> _Prompt_
The expected output is the first line of the data below and every line after it, up to and including the line containing "is simple and", each reproduced exactly.
Segment Start: Provided entries
text \<open>Call two tuples \<open>m\<close>-neighbours if they differ exactly in coordinate \<open>m\<close>.  Since \<open>P\<close>
  is simple and homomorphisms onto \<open>k\<close>-templates are injective, every edge of \<open>L(X\<^sup>d, P)\<close>
  contains \<open>m\<close>-neighbours for every \<open>m < d\<close>.  It therefore suffices to colour \<open>X\<^sup>d\<close> by pairs
  \<open>(m, \<alpha>)\<close> with \<open>m < d\<close>, \<open>\<alpha> < \<kappa>\<close>, so that no two \<open>m\<close>-neighbours share a colour with first
  component \<open>m\<close>.  For \<open>d = 1\<close> colour injectively.
  For \<open>|X| \<le> \<kappa>\<^sup>+\<^sup>d\<close>, well-order \<open>X\<close> in type \<open>\<kappa>\<^sup>+\<^sup>d\<close>, let \<open>j\<close> be the first coordinate of a tuple
  holding its largest entry \<open>a\<close>, and colour the tuple with coordinate \<open>j\<close> deleted, using a
  colouring of the \<open>d\<close>-tuples over the initial segment below \<open>a\<close>, a set of size at most
  \<open>\<kappa>\<^sup>+\<^sup>(\<^sup>d\<^sup>-\<^sup>1\<^sup>)\<close>; the direction is shifted past \<open>j\<close>.  Neighbours in a direction other than \<open>j\<close>
  have the same \<open>j\<close> and \<open>a\<close>, so they are separated by the colouring below \<open>a\<close>.\<close>

definition axis_neighbours :: "nat \<Rightarrow> nat \<Rightarrow> 'a list \<Rightarrow> 'a list \<Rightarrow> bool" where
  "axis_neighbours d m x y \<longleftrightarrow> (\<forall>i<d. x ! i = y ! i \<longleftrightarrow> i \<noteq> m)"

definition axis_colouring :: "'a set \<Rightarrow> nat \<Rightarrow> 'k set \<Rightarrow> ('a list \<Rightarrow> nat \<times> 'k) \<Rightarrow> bool" where
  "axis_colouring X d K c \<longleftrightarrow> c ` tuples X d \<subseteq> {..<d} \<times> K \<and>
     (\<forall>x\<in>tuples X d. \<forall>y\<in>tuples X d. \<forall>m<d.
        axis_neighbours d m x y \<longrightarrow> c x = c y \<longrightarrow> fst (c x) \<noteq> m)"

lemma axis_neighbours_sym: "axis_neighbours d m x y \<Longrightarrow> axis_neighbours d m y x"
  unfolding axis_neighbours_def by auto

lemma simple_template_axis_neighbours:
  "simple_template d P \<Longrightarrow> m < d \<Longrightarrow> \<exists>x\<in>P. \<exists>y\<in>P. axis_neighbours d m x y"
  unfolding simple_template_def axis_neighbours_def by blast

lemma axis_colouring_range:
  "axis_colouring X d K c \<Longrightarrow> x \<in> tuples X d \<Longrightarrow> c x \<in> {..<d} \<times> K"
  unfolding axis_colouring_def by blast

lemma axis_colouring_separates:
  assumes "axis_colouring X d K c" "x \<in> tuples X d" "y \<in> tuples X d" "m < d"
    "axis_neighbours d m x y" "c x = c y"
  shows "fst (c x) \<noteq> m"
  using assms unfolding axis_colouring_def by blast

lemma length_tuples: "x \<in> tuples X d \<Longrightarrow> length x = d"
  unfolding tuples_def by simp

lemma hom_image_axis_neighbours:
  assumes inj: "inj_on f P"
    and hom: "\<forall>x\<in>P. \<forall>y\<in>P. \<forall>i<d. x ! i = y ! i \<longrightarrow> f x ! i = f y ! i"
    and xy: "x \<in> P" "y \<in> P" "axis_neighbours d m x y" "m < d"
    and len: "length (f x) = d" "length (f y) = d"
  shows "axis_neighbours d m (f x) (f y)"
proof -
  have agree: "f x ! i = f y ! i" if "i < d" "i \<noteq> m" for i
    using hom xy that unfolding axis_neighbours_def by blast
  have "f x ! m \<noteq> f y ! m"
  proof
    assume "f x ! m = f y ! m"
    with agree len have "f x = f y" by (metis nth_equalityI)
    with inj xy have "x = y" by (meson inj_onD)
    with xy show False unfolding axis_neighbours_def by blast
  qed
  with agree show ?thesis unfolding axis_neighbours_def by blast
qed

lemma axis_colouring_not_constant_on_edge:
  assumes c: "axis_colouring X d K c"
    and P: "finite P" "simple_template d P" "0 < d"
    and Q: "Q \<in> L_edges X d P"
  shows "\<not> (\<exists>col. \<forall>q\<in>Q. c q = col)"
proof
  assume "\<exists>col. \<forall>q\<in>Q. c q = col"
  then obtain col where col: "\<And>q. q \<in> Q \<Longrightarrow> c q = col" by blast
  have QT: "Q \<subseteq> tuples X d" and Qc: "finite Q" "card Q = card P"
    using Q unfolding L_edges_def is_template_def by auto
  obtain f where f: "f ` P = Q" "\<forall>x\<in>P. \<forall>y\<in>P. \<forall>i<d. x ! i = y ! i \<longrightarrow> f x ! i = f y ! i"
    using Q unfolding L_edges_def hom_image_def by blast
  have inj: "inj_on f P" using f(1) P(1) Qc by (simp add: inj_on_iff_eq_card)
  obtain p where "p \<in> P" using simple_template_axis_neighbours[OF P(2,3)] by blast
  then have "f p \<in> tuples X d" "c (f p) = col" using f(1) QT col by blast+
  then have m: "fst col < d" using axis_colouring_range[OF c] by fastforce
  then obtain x y where xy: "x \<in> P" "y \<in> P" "axis_neighbours d (fst col) x y"
    using simple_template_axis_neighbours[OF P(2)] by blast
  have fxy: "f x \<in> tuples X d" "f y \<in> tuples X d" "c (f x) = col" "c (f y) = col"
    using xy f(1) QT col by auto
  have "axis_neighbours d (fst col) (f x) (f y)"
    using hom_image_axis_neighbours[OF inj f(2) xy m] fxy(1,2) by (simp add: length_tuples)
  then have "fst (c (f x)) \<noteq> fst col"
    using axis_colouring_separates[OF c fxy(1,2) m] fxy(3,4) by simp
  then show False using fxy(3) by simp
qed

lemma chromatic_le_card_of_mono:
  assumes "chromatic_le V E C" "|C| \<le>o |K|" "\<forall>Q\<in>E. Q \<subseteq> V"
  shows "chromatic_le V E K"
proof -
  obtain c where c: "c ` V \<subseteq> C" "\<forall>Q\<in>E. \<not> (\<exists>col. \<forall>q\<in>Q. c q = col)"
    using assms(1) unfolding chromatic_le_def by blast
  obtain g where g: "inj_on g C" "g ` C \<subseteq> K"
    using assms(2) unfolding card_of_ordLeq[symmetric] by blast
  have nonconst: "\<not> (\<exists>col. \<forall>q\<in>Q. g (c q) = col)" if Q: "Q \<in> E" for Q
  proof
    assume "\<exists>col. \<forall>q\<in>Q. g (c q) = col"
    then obtain col where col: "\<And>q. q \<in> Q \<Longrightarrow> g (c q) = col" by blast
    have cQ: "c q \<in> C" if "q \<in> Q" for q using c(1) assms(3) Q that by blast
    have "\<exists>col. \<forall>q\<in>Q. c q = col"
    proof (cases "Q = {}")
      case False
      then obtain q0 where q0: "q0 \<in> Q" by blast
      have "c q = c q0" if "q \<in> Q" for q
        by (rule inj_onD[OF g(1)]) (use col cQ that q0 in auto)
      then show ?thesis by blast
    qed simp
    with c(2) Q show False by blast
  qed
  show ?thesis
    unfolding chromatic_le_def
  proof (intro exI[of _ "g \<circ> c"] conjI ballI)
    show "(g \<circ> c) ` V \<subseteq> K" using c(1) g(2) by auto
  next
    fix Q assume "Q \<in> E"
    then show "\<not> (\<exists>col. \<forall>q\<in>Q. (g \<circ> c) q = col)" using nonconst by simp
  qed
qed

lemma chromatic_le_if_axis_colouring:
  assumes c: "axis_colouring X d K c" and K: "infinite K"
    and P: "finite P" "simple_template d P" "0 < d"
  shows "chromatic_le (tuples X d) (L_edges X d P) K"
proof (rule chromatic_le_card_of_mono)
  show "chromatic_le (tuples X d) (L_edges X d P) ({..<d} \<times> K)"
    unfolding chromatic_le_def
  proof (intro exI[of _ c] conjI ballI)
    show "c ` tuples X d \<subseteq> {..<d} \<times> K" using axis_colouring_range[OF c] by blast
  next
    fix Q assume "Q \<in> L_edges X d P"
    then show "\<not> (\<exists>col. \<forall>q\<in>Q. c q = col)" by (rule axis_colouring_not_constant_on_edge[OF c P])
  qed
  have "|{..<d}| \<le>o |K|"
    using K by (meson card_of_Well_order card_of_ordLeq_finite finite_lessThan ordLeq_total)
  moreover have "{..<d} \<noteq> {}" using P(3) by auto
  ultimately show "|{..<d} \<times> K| \<le>o |K|"
    using card_of_Times_infinite[OF K] by (metis ordIso_imp_ordLeq)
  show "\<forall>Q\<in>L_edges X d P. Q \<subseteq> tuples X d" unfolding L_edges_def by blast
qed

definition remove_nth :: "nat \<Rightarrow> 'a list \<Rightarrow> 'a list" where
  "remove_nth j xs = take j xs @ drop (Suc j) xs"

definition skip_index :: "nat \<Rightarrow> nat \<Rightarrow> nat" where
  "skip_index j i = (if i < j then i else Suc i)"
Segment End: Provided entries
> _Result below_
text \<open>Call two tuples \<open>m\<close>-neighbours if they differ exactly in coordinate \<open>m\<close>.  Since \<open>P\<close>
  is simple and homomorphisms onto \<open>k\<close>-templates are injective, every edge of \<open>L(X\<^sup>d, P)\<close>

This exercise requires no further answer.